◆ **ABOUT THIS EXERCISE**
Repeat the records given below in full, with no changes.

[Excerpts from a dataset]
(* Let $k\ge 3$ be an odd integer. If $H\in M_{0,1,2,\ldots,k-2,k-1}$, then $H$ has a Fulkerson-cover.
   Context: All graphs are finite. A Fulkerson-cover of a cubic graph is a collection of six perfect matchings such that every edge belongs to exactly two of them. A cubic graph is cyclically 4-edge-connected if at least 4 edges must be removed to disconnect it into two components each containing a circuit. The family $M_{0,1,\ldots,k-1}$ ($k\ge 2$): Let $G_0,G_1,\ldots,G_{k-1}$ be bridgeless, cyclically 4-edge-connected cubic graphs, each having a Fulkerson-cover. In each $G_i$ choose an edge $x_iy_i$, let $x_i^0,x_i^1$ be the two neighbours of $x_i$ other than $y_i$, let $y_i^0,y_i^1$ be the two neighbours of $y_i$ other than $x_i$, and let $H_i=G_i\setminus\{x_i,y_i\}$ (delete the two vertices and their incident edges). The graph $\{G;G_0,\ldots,G_{k-1}\}$ is obtained from the disjoint union of $H_0,\ldots,H_{k-1}$ by adding new vertices $a_j,b_j,c_j$ for $0\le j\le k-1$ and $v_0,\ldots,v_{k-3}$ (none if $k=2$), and the following edges, with indices of $x$ taken modulo $k$: - for each $0\le j\le k-1$: $a_jy_j^0$, $a_jx_{j+1}^0$, $b_jy_j^1$, $b_jx_{j+1}^1$, $a_jc_j$, $b_jc_j$; - the edges of the path $c_1v_0v_1\cdots v_{k-3}c_0$ (for $k=2$ this is the single edge $c_0c_1$); - for each $2\le i\le k-1$: the edge $c_iv_{i-2}$. (Equivalently, it is built recursively: for $k=2$ take the graph above with edge $c_0c_1$; for $i=3,\ldots,k$, add $H_{i-1}$ and $a_{i-1},b_{i-1},c_{i-1}$, subdivide the edge at $c_0$ not of the form $a_0c_0,b_0c_0$ by a new vertex $v_{i-3}$, join $c_{i-1}$ to $a_{i-1},b_{i-1},v_{i-3}$, make $a_{i-1}$ adjacent to $x_0^0,y_{i-1}^0$, $b_{i-1}$ adjacent to $x_0^1,y_{i-1}^1$, and replace the edges $a_{i-2}x_0^0$, $b_{i-2}x_0^1$ by $a_{i-2}x_{i-1}^0$, $b_{i-2}x_{i-1}^1$.) $M_{0,1,\ldots,k-1}$ denotes the set of all graphs obtained this way, over all such choices of $G_i$, edges $x_iy_i$ and labelings of neighbours. *)

theory Defs
  imports Main
begin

◆ **TASK OUTPUT**
(* Let $k\ge 3$ be an odd integer. If $H\in M_{0,1,2,\ldots,k-2,k-1}$, then $H$ has a Fulkerson-cover.
   Context: All graphs are finite. A Fulkerson-cover of a cubic graph is a collection of six perfect matchings such that every edge belongs to exactly two of them. A cubic graph is cyclically 4-edge-connected if at least 4 edges must be removed to disconnect it into two components each containing a circuit. The family $M_{0,1,\ldots,k-1}$ ($k\ge 2$): Let $G_0,G_1,\ldots,G_{k-1}$ be bridgeless, cyclically 4-edge-connected cubic graphs, each having a Fulkerson-cover. In each $G_i$ choose an edge $x_iy_i$, let $x_i^0,x_i^1$ be the two neighbours of $x_i$ other than $y_i$, let $y_i^0,y_i^1$ be the two neighbours of $y_i$ other than $x_i$, and let $H_i=G_i\setminus\{x_i,y_i\}$ (delete the two vertices and their incident edges). The graph $\{G;G_0,\ldots,G_{k-1}\}$ is obtained from the disjoint union of $H_0,\ldots,H_{k-1}$ by adding new vertices $a_j,b_j,c_j$ for $0\le j\le k-1$ and $v_0,\ldots,v_{k-3}$ (none if $k=2$), and the following edges, with indices of $x$ taken modulo $k$: - for each $0\le j\le k-1$: $a_jy_j^0$, $a_jx_{j+1}^0$, $b_jy_j^1$, $b_jx_{j+1}^1$, $a_jc_j$, $b_jc_j$; - the edges of the path $c_1v_0v_1\cdots v_{k-3}c_0$ (for $k=2$ this is the single edge $c_0c_1$); - for each $2\le i\le k-1$: the edge $c_iv_{i-2}$. (Equivalently, it is built recursively: for $k=2$ take the graph above with edge $c_0c_1$; for $i=3,\ldots,k$, add $H_{i-1}$ and $a_{i-1},b_{i-1},c_{i-1}$, subdivide the edge at $c_0$ not of the form $a_0c_0,b_0c_0$ by a new vertex $v_{i-3}$, join $c_{i-1}$ to $a_{i-1},b_{i-1},v_{i-3}$, make $a_{i-1}$ adjacent to $x_0^0,y_{i-1}^0$, $b_{i-1}$ adjacent to $x_0^1,y_{i-1}^1$, and replace the edges $a_{i-2}x_0^0$, $b_{i-2}x_0^1$ by $a_{i-2}x_{i-1}^0$, $b_{i-2}x_{i-1}^1$.) $M_{0,1,\ldots,k-1}$ denotes the set of all graphs obtained this way, over all such choices of $G_i$, edges $x_iy_i$ and labelings of neighbours. *)

theory Defs
  imports Main
begin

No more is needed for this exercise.